Hey all. Just an update to let you know I'm still around.
I apologize to everyone whose emails or comments haven't been answered yet...I'm still considering myself on a break, and part of that break for me is to wait to answer all those messages until I'm in the right mood. I do plan on continuing the blog. It's not retired yet. In fact, I've even taken some steps towards getting it going again. But I'm not ready to start yet.
When will I be ready? The problem right now is that there are other areas of my life that need a lot more of my focus for the time being. Also, life has me pretty stressed out right now, and I have a hard time getting in a kinky mindset when I'm not relaxed. So when I'm in a place where I can feel relaxed again, perhaps when I feel like I'm in a more secure place career-wise, I'll start the blog up again.
There's also something else I'd like to talk about briefly. I'm not sure how many of you know, but I have a history of issues with depression/anxiety. I've been on almost every popularly prescribed depression/anxiety med at one point or another, and the problem is they all have their side effects. With any med, its about asking whether the side effects are worth the trade-off of lessened anxiety or depression.
Currently I'm not on any depression/anxiety meds (the negative side-effects just didn't seem worth it to me) and haven't been for quite some time. And I think I'm doing fairly well without them. What I've come to realize, though, is the effect that the meds have possibly had on the blog at different points.
Sometimes side-effects aren't necessarily negative, and with a few meds I've been on, I've experienced an increased libido. In fact, I think that's partly what led to me starting this blog in the first place...being asexual (or kinksexual), having an increased libido and nowhere to direct it meant increased kinky desires, and an increase in a desire to talk about those desires. In hindsight, it also likely led to some risky behavior on my part, not being as safe as I should have with some of my early experiences exploring bondage IRL. Maybe one day I'll go into more detail on that end of things, but not right now.
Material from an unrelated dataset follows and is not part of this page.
(* Let $\Phi$ satisfy (C.1)--(C.3). Any crossover design which is $\phi_1$-optimal for $\Phi$ under the model with independent homoscedastic errors is still $\phi_1$-optimal for the same $\Phi$ when the within-subject covariance matrix of the errors is of the form $\Sigma=I_p+\eta1_p'+1_p\eta'$ for an arbitrary vector $\eta\in\mathbb R^p$ (in particular for compound symmetry $\Sigma=I_p+bJ_p$, $b\in\mathbb R$).
   Context: A crossover design $d$ with $p$ periods, $t$ treatments, $n$ subjects assigns treatment $d(k,u)$ to subject $u$ in period $k$; responses follow $Y_d=1_{np}\mu+Z\pi+U\varsigma+T_d\tau+F_d\gamma+\varepsilon$, with $Z=1_n\otimes I_p$, $U=I_n\otimes1_p$, $T_d$ the treatment incidence matrix and $F_d$ the carryover incidence matrix (rows ordered by subject then period; carryover row in period 1 is zero). Dropout: $l_u\in\{1,\dots,p\}$ is the number of periods subject $u$ stays (no re-entry), $l_1,\dots,l_n$ i.i.d. with $P(l_u=k)=a_k$, independent of design and outcomes; only the first $l_u$ responses of subject $u$ are observed. $I^k_{ij}$ is the $i\times j$ matrix with $I_k$ in its upper-left block, zeros elsewhere; $M=\mathrm{diag}(I^{l_1}_{l_1p},\dots,I^{l_n}_{l_np})$; $\mathrm{pr}^\perp(G)=I-G(G'G)^-G'$. The within-subject error covariance is a positive definite $p\times p$ matrix $\Sigma$ (errors of distinct subjects independent); $\Sigma_k$ is its upper-left $k\times k$ submatrix and $W=\mathrm{diag}(\Sigma_{l_1}^{-1},\dots,\Sigma_{l_n}^{-1})$. Define $O_\Sigma=M'W^{1/2}\mathrm{pr}^\perp([W^{1/2}MZ|W^{1/2}MU])W^{1/2}M$, $C_{d11}(l)=T_d'O_\Sigma T_d$, $C_{d12}(l)=T_d'O_\Sigma F_d=C_{d21}(l)'$, $C_{d22}(l)=F_d'O_\Sigma F_d$, $C_{dij}=\mathbb E\,C_{dij}(l)$ and $C_d=C_{d11}-C_{d12}C_{d22}^-C_{d21}$; the homoscedastic model is $\Sigma=I_p$. A criterion $\Phi$ is a real function on $t\times t$ nonnegative definite matrices with (C.1) concave, (C.2) $\Phi(S'CS)=\Phi(C)$ for permutation matrices $S$, (C.3) $b\mapsto\Phi(bC)$ nondecreasing on $b>0$. $\phi_1(d)=\Phi(C_d)$; a design is $\phi_1$-optimal if it maximizes $\phi_1$ over all designs with the same $p,t,n$ and dropout distribution. *)

theory Defs
  imports "Jordan_Normal_Form.Matrix" "HOL-Combinatorics.Permutations"
begin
My point is just that I'm a different person now, and I've been reevaluating what this blog means to me. But as of right now, the plan is still to pick it up again at some point. Just not yet.
December 28 2011, 09:19:13 UTC 4 months ago
Good thoughts and keep well :)
December 29 2011, 06:18:31 UTC 4 months ago
There's also this weird thing where a lot of artsy people feel strongly compelled to share their kinky stories when they're 20-something, and then sometime around 30 they start to feel more embarrassed about sharing it all. It happened to me, and other people have talked about it. I'm not ashamed of the stuff I've done and I kinda WANT to keep on sharing it, but part of me feels like I need to be more private, it's like some dormant privacy gene activated or something. It's like you wanna have a big confession party when you're 25, and then around 33 or so you wake up with a big hangover.
December 30 2011, 00:50:08 UTC 4 months ago
December 31 2011, 04:30:22 UTC 4 months ago
I look forward to reading the blog again soon.